-
Notifications
You must be signed in to change notification settings - Fork 5
Home
You are reading this because you have some familiarity with SDMX-ML or the RDF Data Cube vocabulary. Some knowledge of Linked Data practices, XML, XSLT would be handy as well.
Given Generic SDMX-ML data or metadata as input, XSL 2.0 templates transforms them to RDF/XML. It uses vocabularies like RDF Data Cube, SDMX-RDF, SKOS, XKOS, PROV-O..
The transformation follows some common Linked Data practices as well as other ones out of thin air :) If you disagree or would like to propose alternatives, please either contact me or better yet, create an issue. Relevant changes will then be reflected here.
The scripts/config.rdf
file is used to configure some stuff for the transformations. Here is an outline for some of the noteworthy things in the templates.
Base URIs can be set for classes, codelists, concept schemes, datasets, slices, properties, provenance, as well as for the source SDMX data.

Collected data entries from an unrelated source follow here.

lemma prod_monomial_perm:
  assumes "monomial_perm n A s"
  shows "(\<Prod>i<n. \<Prod>j<n. if A i j \<noteq> 0 then F i j (A i j) else 1) = (\<Prod>i<n. F i (s i) (A i (s i)))"
proof (rule prod.cong[OF refl])
  fix i assume i: "i \<in> {..<n}"
  have "(\<Prod>j<n. if A i j \<noteq> 0 then F i j (A i j) else 1) = (\<Prod>j<n. if j = s i then F i j (A i j) else 1)"
    using assms i unfolding monomial_perm_def by (intro prod.cong) auto
  also have "\<dots> = F i (s i) (A i (s i))"
    using monomial_perm_less[OF assms] i by (simp add: prod.delta)
  finally show "(\<Prod>j<n. if A i j \<noteq> 0 then F i j (A i j) else 1) = F i (s i) (A i (s i))" .
qed

lemma mat_mult_monomial_perm_left:
  assumes "monomial_perm n A s"
  shows "mat_mult n A B i j = (if i < n then A i (s i) * B (s i) j else 0)"
proof -
  have "mat_mult n A B i j = (\<Sum>l<n. if i < n \<and> l = s i then A i l * B l j else 0)"
    unfolding mat_mult_def using assms unfolding monomial_perm_def by (intro sum.cong) auto
  then show ?thesis using monomial_perm_less[OF assms] by (simp add: sum.delta)
qed

lemma monomial_perm_mat_mult:
  assumes "monomial_perm n A s" "monomial_perm n B t"
  shows "monomial_perm n (mat_mult n A B) (t \<circ> s)"
proof -
  have "bij_betw (t \<circ> s) {..<n} {..<n}"
    using assms unfolding monomial_perm_def by (metis bij_betw_trans)
  moreover have "mat_mult n A B i j \<noteq> 0 \<longleftrightarrow> i < n \<and> j = (t \<circ> s) i" for i j
    using mat_mult_monomial_perm_left[OF assms(1)] monomial_perm_nonzero[OF assms(1)]
      monomial_perm_less[OF assms(1)] assms(2)
    unfolding monomial_perm_def by auto
  ultimately show ?thesis unfolding monomial_perm_def by blast
qed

The value for uriThingSeparator
e.g., /
, lets one set the delimiter to separate the "thing" from the rest of the URI. In the Linked Data community, this is typically either a /
or #
. For example, if slash is used, an URI would end up like http://example.org/code/EUROSTAT/CL_GEO
(note the last slash before CL_GEO). If hash is used, an URI would end up like http://example.org/code/EUROSTAT#CL_GEO
.
Similarly, uriDimensionSeparator
can be set to separate dimension values that's used in RDF Data Cube observation URIs. As observation should have its own unique URI, the method to construct URIs is done by taking dimension values as safe terms to be used in URIs separated by the value in uriDimensionSeparator
. For example, here is a crazy looking observation URI where uriDimensionSeparator
is set to /
: http://example.org/dataset/REF_DEMO/DSD_T_PERSON_STATTAB-01-2A01/5938/1/15497/4/21/1/2011/2011-12-31
. But with uriThingSeparator
set to #
and uriDimensionSeparator
set to -
, it could end up like http://example.org/dataset/REF_DEMO/DSD_T_PERSON_STATTAB-01-2A01#5938-1-15497-4-21-1-2011-2011-12-31
. If you are wondering about DSD_T_PERSON_STATTAB-01-2A01
, that's the KeyFamily (DSD) id, and REF_DEMO
is the agency id which is picked up automatically from source data, and http://example.org/dataset/
would be the value that can be set in config for the base URI for dataset.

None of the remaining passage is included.